Here's a production-ready authentication pattern:

.. code-block:: python

   import os
   import logging
   import time
   from contextlib import contextmanager
   from apala_client import ApalaClient
   import requests

   logger = logging.getLogger(__name__)

   class SecureApalaClient:
       def __init__(self):
           self.api_key = os.environ["APALA_API_KEY"]
           self.base_url = os.environ["APALA_BASE_URL"]
           self._client = None
           self._last_auth_attempt = 0
           self._auth_retry_delay = 300  # 5 minutes

       @contextmanager
       def get_authenticated_client(self):
           """Context manager providing authenticated client."""
           try:
               client = self._get_client()
               yield client
           finally:
               if client:
                   client.close()

       def _get_client(self):
           """Get or create authenticated client."""
           current_time = time.time()
           
           # Create new client if needed
           if not self._client:
               self._client = ApalaClient(
                   api_key=self.api_key,
                   base_url=self.base_url
               )

           # Check if we need to authenticate
           needs_auth = (
               not self._client.access_token or 
               current_time >= (self._client.token_expires_at or 0)
           )

           if needs_auth:
               self._authenticate_with_retry()
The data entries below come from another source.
(* Let $\rho_{AB}\in M_2(\mathbb{C})\otimes M_d(\mathbb{C})$ be a bipartite state, let $\{P_a\}_{a=0}^1$ be a nontrivial projective measurement on subsystem $A$ (i.e. $P_0,P_1$ are rank-one orthogonal projections on $\mathbb{C}^2$ with $P_0+P_1=\mathbb{1}$), and set $\rho_a=\mathrm{Tr}_A\big((P_a\otimes\mathbb{1})\rho_{AB}\big)$. Then: (i) if $\mathrm{rank}(\rho_0)=\mathrm{rank}(\rho_1)=1$, then $\mathrm{rank}(\rho_{AB})\ne3$; (ii) if $d\ge3$, $\mathrm{rank}(\rho_{AB})=3$ and $\mathrm{rank}(\rho_0)=0$, then $\mathrm{rank}(\rho_1)=3$; (iii) if $d=2$ and $\mathrm{rank}(\rho_{AB})=3$, then neither $\rho_0$ nor $\rho_1$ has rank zero. *)

theory Defs
  imports "HOL-Analysis.Analysis"
begin

definition ctrans :: "complex^'n^'m \<Rightarrow> complex^'m^'n" where
  "ctrans A = (\<chi> i j. cnj (A $ j $ i))"

definition hermitian :: "complex^'n^'n \<Rightarrow> bool" where
  "hermitian A \<longleftrightarrow> ctrans A = A"

definition psd :: "complex^'n^'n \<Rightarrow> bool" where
  "psd A \<longleftrightarrow> hermitian A \<and>
     (\<forall>x::complex^'n. 0 \<le> Re (\<Sum>i\<in>UNIV. cnj (x $ i) * (A *v x) $ i))"

definition density :: "complex^'n^'n \<Rightarrow> bool" where
  "density A \<longleftrightarrow> psd A \<and> trace A = 1"

definition orth_proj :: "complex^'n^'n \<Rightarrow> bool" where
  "orth_proj P \<longleftrightarrow> P ** P = P \<and> hermitian P"

definition kron :: "complex^'a^'a \<Rightarrow> complex^'b^'b \<Rightarrow> complex^('a \<times> 'b)^('a \<times> 'b)" where
  "kron A B = (\<chi> p q. A $ fst p $ fst q * B $ snd p $ snd q)"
           return self._client

       def _authenticate_with_retry(self):
           """Authenticate with exponential backoff retry."""
           current_time = time.time()
           
           # Prevent too frequent retry attempts
           if current_time - self._last_auth_attempt < self._auth_retry_delay:
               raise Exception("Authentication retry delay not met")
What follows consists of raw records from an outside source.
(* Let $\varphi$ be an $\mathrm{LTL_{PSL}}$ formula, $D=(I^+,I^-)$ a partition of the set $I$ of its subformulae of the form $s\preceq s'$, and $\varphi_D$ the associated formula. If the language of the generalised Büchi automaton $\mathcal{A}_{\varphi_D}$ is non-empty, then $\varphi_D$ is $\mathrm{SLTL}$-satisfiable.
   Context: Propositional variables $\mathcal{P}$ and standpoint symbols $\mathcal{S}$ (with universal symbol $*$) are countably infinite. SLTL formulae: $\varphi ::= p \mid s \preceq s' \mid \neg\varphi \mid \varphi\wedge\varphi \mid \Diamond_s\varphi \mid \Box_s\varphi \mid X\varphi \mid \varphi\,U\,\varphi$. A model is $M=(\Pi,\lambda)$ with $\Pi\neq\emptyset$ a set of traces $\sigma:\mathbb{N}\to 2^{\mathcal{P}}$, $\lambda:\mathcal{S}\to 2^{\Pi}\setminus\{\emptyset\}$, $\lambda( * )=\Pi$; $M,\sigma,i\models p$ iff $p\in\sigma(i)$; $s\preceq s'$ holds iff $\lambda(s)\subseteq\lambda(s')$; $\Diamond_s\psi$ (resp. $\Box_s\psi$) holds at $\sigma,i$ iff $\psi$ holds at $\sigma',i$ for some (resp. all) $\sigma'\in\lambda(s)$; $X\psi$ holds at $\sigma,i$ iff $\psi$ holds at $\sigma,i+1$; $\psi U\chi$ holds at $\sigma,i$ iff $\chi$ holds at some $\sigma,i'$, $i'\ge i$, and $\psi$ at $\sigma,i''$ for all $i\le i''<i'$. $G\psi:=\neg(\top U\neg\psi)$. Satisfiable: holds at $\sigma,0$ for some $M$, $\sigma\in\Pi$. $\mathrm{LTL_{PSL}}$: SLTL formulae with no $X$ or $U$ in the scope of any $\Diamond_s$ or $\Box_s$. $\varphi_D:=\varphi[I^+\mapsto\top,I^-\mapsto\bot]\wedge G\big(\bigwedge_{(s\preceq s')\in I^+}(s\preceq s')\wedge\bigwedge_{(s\preceq s')\in I^-}(\Diamond_s p_{s,s'}\wedge\neg\Diamond_{s'}p_{s,s'})\big)$, where members of $I^+$ (resp. $I^-$) are replaced by $\top$ (resp. $\bot$) and the $p_{s,s'}$ are fresh variables. PSL is the temporal-free fragment; a PSL model is $(\Pi,V)$ with $\Pi$ finite nonempty, $V:\mathcal{S}\cup\mathcal{P}\to 2^{\Pi}$, $V(s)\neq\emptyset$ for all $s$, $V( * )=\Pi$; $\pi\models p$ iff $\pi\in V(p)$, $s\preceq s'$ iff $V(s)\subseteq V(s')$, $\Diamond_s\psi$/$\Box_s\psi$ iff $\psi$ holds at some/all $\pi'\in V(s)$. The closure $cl(\varphi_D)$ is the smallest set containing all subformulae of $\varphi_D$, $\top$ and $\bot$, closed under negation (identifying $\neg\neg\psi$ with $\psi$), and such that $\psi U\psi'\in cl(\varphi_D)$ implies $X(\psi U\psi')\in cl(\varphi_D)$. $B\subseteq cl(\varphi_D)$ is maximally consistent if $\top\in B$, $\bot\notin B$; $\psi\in B$ iff $\neg\psi\notin B$ for $\neg\psi\in cl(\varphi_D)$; $\psi_1\wedge\psi_2\in B$ iff $\psi_1,\psi_2\in B$; $\psi_1U\psi_2\in B$ iff $\psi_2\in B$ or $\{\psi_1,X(\psi_1U\psi_2)\}\subseteq B$. $B$ is standpoint-consistent if the conjunction of the members of $B$ that are PSL formulae is PSL-satisfiable; $B$ is s-elementary if maximally consistent and standpoint-consistent. $\mathcal{A}_{\varphi_D}=(Q,2^{\mathcal{P}(\varphi_D)},\delta,Q_0,\mathcal{F})$ where $\mathcal{P}(\varphi_D)$ is the set of variables of $\varphi_D$; $Q$ is the set of s-elementary sets; $Q_0=\{B\in Q:\varphi_D\in B\}$; $\mathcal{F}$ contains, for each $\psi_1U\psi_2\in cl(\varphi_D)$, the set $\{B\in Q:\psi_1U\psi_2\notin B\text{ or }\psi_2\in B\}$; $\delta(B,A)=\emptyset$ if $A\neq B\cap\mathcal{P}(\varphi_D)$, and otherwise $\delta(B,A)$ is the set of $B'\in Q$ such that for every $X\psi\in cl(\varphi_D)$, $X\psi\in B$ iff $\psi\in B'$. An infinite word is accepted if it has a run starting in $Q_0$ that visits each set of $\mathcal{F}$ infinitely often. *)

theory Defs
  imports Main
begin

text \<open>Propositional variables are natural numbers; standpoint symbols are a
countably infinite type with the distinguished universal standpoint Star.\<close>

datatype stp = Star | Sp nat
           max_retries = 3
           for attempt in range(max_retries):
               try:
                   logger.info(f"Authentication attempt {attempt + 1}")
                   self._client.authenticate()
                   logger.info("Authentication successful")
                   self._last_auth_attempt = current_time
                   return
               except requests.HTTPError as e:
                   logger.error(f"Auth attempt {attempt + 1} failed: {e.response.status_code}")
                   if e.response.status_code in [401, 403]:
                       # Don't retry auth errors
                       raise
                   if attempt < max_retries - 1:
                       time.sleep(2 ** attempt)  # Exponential backoff
               except requests.ConnectionError as e:
                   logger.error(f"Auth attempt {attempt + 1} connection failed: {e}")
                   if attempt < max_retries - 1:
                       time.sleep(2 ** attempt)
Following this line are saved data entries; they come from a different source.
lemma regular: "regular_space T"
  unfolding regular_space_def
proof (intro allI impI)
  fix C a assume Ca: "closedin T C \<and> a \<in> topspace T - C"
  then have "openin T (topspace T - C)" "a \<in> topspace T - C" by auto
  then obtain V where V: "openin T V" "\<one> \<in> V"
    and V_diff: "\<And>v w. v \<in> V \<Longrightarrow> w \<in> V \<Longrightarrow> a \<otimes> (v \<otimes> inv w) \<in> topspace T - C"
    by (rule nhd_one_mult_inv_subset) blast
  define translate where "translate c = {x \<in> topspace T. inv c \<otimes> x \<in> V}" for c
  have C: "C \<subseteq> carrier G" and a: "a \<in> carrier G" "a \<notin> C"
    using Ca closedin_subset topspace_eq_carrier by auto
  have open_translate: "openin T (translate c)" if "c \<in> carrier G" for c
    unfolding translate_def using openin_left_translation_preimage[OF _ V(1)] that by simp
  show "\<exists>U W. openin T U \<and> openin T W \<and> a \<in> U \<and> C \<subseteq> W \<and> disjnt U W"
  proof (intro exI conjI)
    show "openin T (translate a)" using a(1) by (rule open_translate)
    show "openin T (\<Union>c\<in>C. translate c)"
      using C open_translate by (intro openin_Union) auto
    show "a \<in> translate a" using a V(2) topspace_eq_carrier by (simp add: translate_def)
    have "c \<in> translate c" if "c \<in> C" for c
      using that C V(2) topspace_eq_carrier by (auto simp: translate_def)
    then show "C \<subseteq> (\<Union>c\<in>C. translate c)" by blast
    show "disjnt (translate a) (\<Union>c\<in>C. translate c)"
    proof (clarsimp simp: disjnt_iff)
      fix x c assume x: "x \<in> translate a" "x \<in> translate c" and "c \<in> C"
      then have "a \<otimes> ((inv a \<otimes> x) \<otimes> inv (inv c \<otimes> x)) \<notin> C"
        using V_diff by (simp add: translate_def)
      moreover have "x \<in> carrier G" using x(1) topspace_eq_carrier by (simp add: translate_def)
      then have "a \<otimes> ((inv a \<otimes> x) \<otimes> inv (inv c \<otimes> x)) = c"
        using \<open>c \<in> C\<close> C a(1) by (intro mult_inv_translates_eq) auto
      ultimately show False using \<open>c \<in> C\<close> by simp
    qed
  qed
qed

lemma openin_subgroup_singleton_translate:
  assumes H: "subgroup H G" and "h \<in> H" "openin (subtopology T H) {h}" "k \<in> H"
  shows "openin (subtopology T H) {k}"
proof -
  have "\<exists>W. openin T W \<and> {h} = W \<inter> H"
    using assms(3) by (simp only: openin_subtopology)
  then obtain W where W: "openin T W" "{h} = W \<inter> H" by (elim exE conjE)
  have hk: "h \<in> carrier G" "k \<in> carrier G"
    using subgroup.mem_carrier[OF H] assms(2,4) by auto
  define c where "c = h \<otimes> inv k"
  have c: "c \<in> carrier G" "c \<in> H" "c \<otimes> k = h"
    using hk by (simp_all add: c_def m_assoc subgroup.m_closed subgroup.m_inv_closed H assms(2,4))
  define W' where "W' = {x \<in> topspace T. c \<otimes> x \<in> W}"
  have "openin T W'"
    unfolding W'_def using c(1) W(1) by (rule openin_left_translation_preimage)
  moreover have "{k} = W' \<inter> H"
  proof (intro equalityI subsetI)
    fix x assume x: "x \<in> W' \<inter> H"
    then have "c \<otimes> x \<in> W \<inter> H" using c(2) H by (simp add: W'_def subgroup.m_closed)
    then have "c \<otimes> x \<in> {h}" unfolding W(2) .
    then have "c \<otimes> x = c \<otimes> k" using c(3) by simp
    then show "x \<in> {k}" using x c(1) hk(2) topspace_eq_carrier by (simp add: W'_def)
  next
    have "h \<in> W" using W(2) by blast
    then show "x \<in> W' \<inter> H" if "x \<in> {k}" for x
      using that c(3) assms(4) hk(2) topspace_eq_carrier by (simp add: W'_def)
  qed
  ultimately show ?thesis
    unfolding openin_subtopology by (intro exI[of _ W']) simp
qed

lemma countable_subgroup_not_pseudocompact:
  assumes "Hausdorff_space T" and H: "subgroup H G" "countable H" "infinite H"
  shows "\<not> pseudocompact_space (subtopology T H)"
proof -
  have topH: "topspace (subtopology T H) = H"
    using subgroup.subset[OF H(1)] topspace_eq_carrier by auto
  consider (discrete) "\<And>h. h \<in> H \<Longrightarrow> openin (subtopology T H) {h}"
    | (no_isolated) "\<And>h. h \<in> H \<Longrightarrow> \<not> openin (subtopology T H) {h}"
    using openin_subgroup_singleton_translate[OF H(1)] by blast
  then show ?thesis
  proof cases
    case discrete
    then have "discrete_topology H = subtopology T H"
      using topH by (simp add: discrete_topology_unique)
    then show ?thesis using countable_infinite_discrete_not_pseudocompact[OF H(2,3)] by simp
  next
    case no_isolated
    have "regular_space (subtopology T H)"
      by (rule regular_space_subtopology[OF regular])
    moreover have "Lindelof_space (subtopology T H)"
      using H(2) topH by (simp add: countable_imp_Lindelof_space)
    ultimately have "normal_space (subtopology T H)"
      by (rule regular_Lindelof_imp_normal_space)
    moreover have "t1_space (subtopology T H)"
      using Hausdorff_imp_t1_space[OF assms(1)] by (rule t1_space_subtopology)
    moreover have "topspace (subtopology T H) \<noteq> {}"
      using topH H(3) by auto
    ultimately show ?thesis
      using H(2) no_isolated topH by (intro countable_normal_space_no_isolated_not_pseudocompact) auto
  qed
qed

end

theorem mainTheorem6:
  fixes G :: "('a, 'b) monoid_scheme" and T :: "'a topology"
  assumes "topological_group G T"
    and "Hausdorff_space T"
    and "separable_space T"
    and "infinite (carrier G)"
  shows "\<not> dense_subgroup_pseudocompact G T \<and>
         (\<exists>H. subgroup H G \<and> T closure_of H = topspace T \<and> \<not> pseudocompact_space (subtopology T H))"
proof -
  interpret topological_group_on G T using assms(1) by (rule topological_group_onI)
  obtain D where D: "countable D" "D \<subseteq> topspace T" "Abstract_Topology.closure_of T D = topspace T"
    using assms(3) unfolding separable_space_def by blast
  define H where "H = generate G D"
  have H: "subgroup H G" "countable H"
    unfolding H_def using D topspace_eq_carrier generate_is_subgroup countable_generate by auto
  have "D \<subseteq> H" unfolding H_def by (auto intro: generate.incl)
  then have H_dense: "Abstract_Topology.closure_of T H = topspace T"
    using D(3) closure_of_mono[of D H T] closure_of_subset_topspace[of T H] by blast
  have "infinite H"
    using t1_space_dense_subset_infinite[OF Hausdorff_imp_t1_space[OF assms(2)]] assms(4)
      topspace_eq_carrier subgroup.subset[OF H(1)] H_dense by simp
  then have "\<not> pseudocompact_space (subtopology T H)"
    using countable_subgroup_not_pseudocompact[OF assms(2) H] by blast
  with H(1) H_dense show ?thesis
    unfolding dense_subgroup_pseudocompact_def by blast
qed

end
           self._last_auth_attempt = current_time
           raise Exception(f"Authentication failed after {max_retries} attempts")

   # Usage
   secure_client = SecureApalaClient()
   
   with secure_client.get_authenticated_client() as client:
       response = client.message_process(...)

Debugging Authentication
------------------------

Enable debug logging to troubleshoot authentication issues:

.. code-block:: python

   import logging
   import urllib3

   # Enable debug logging
   logging.basicConfig(level=logging.DEBUG)
   urllib3.disable_warnings()  # Optional: disable SSL warnings

   client = ApalaClient(api_key="your-key", base_url="https://server.com")
   
   try:
       auth_response = client.authenticate()
       print("Debug: Authentication successful")
   except Exception as e:
       print(f"Debug: Authentication failed - {e}")

This will show detailed HTTP request/response information to help diagnose authentication problems.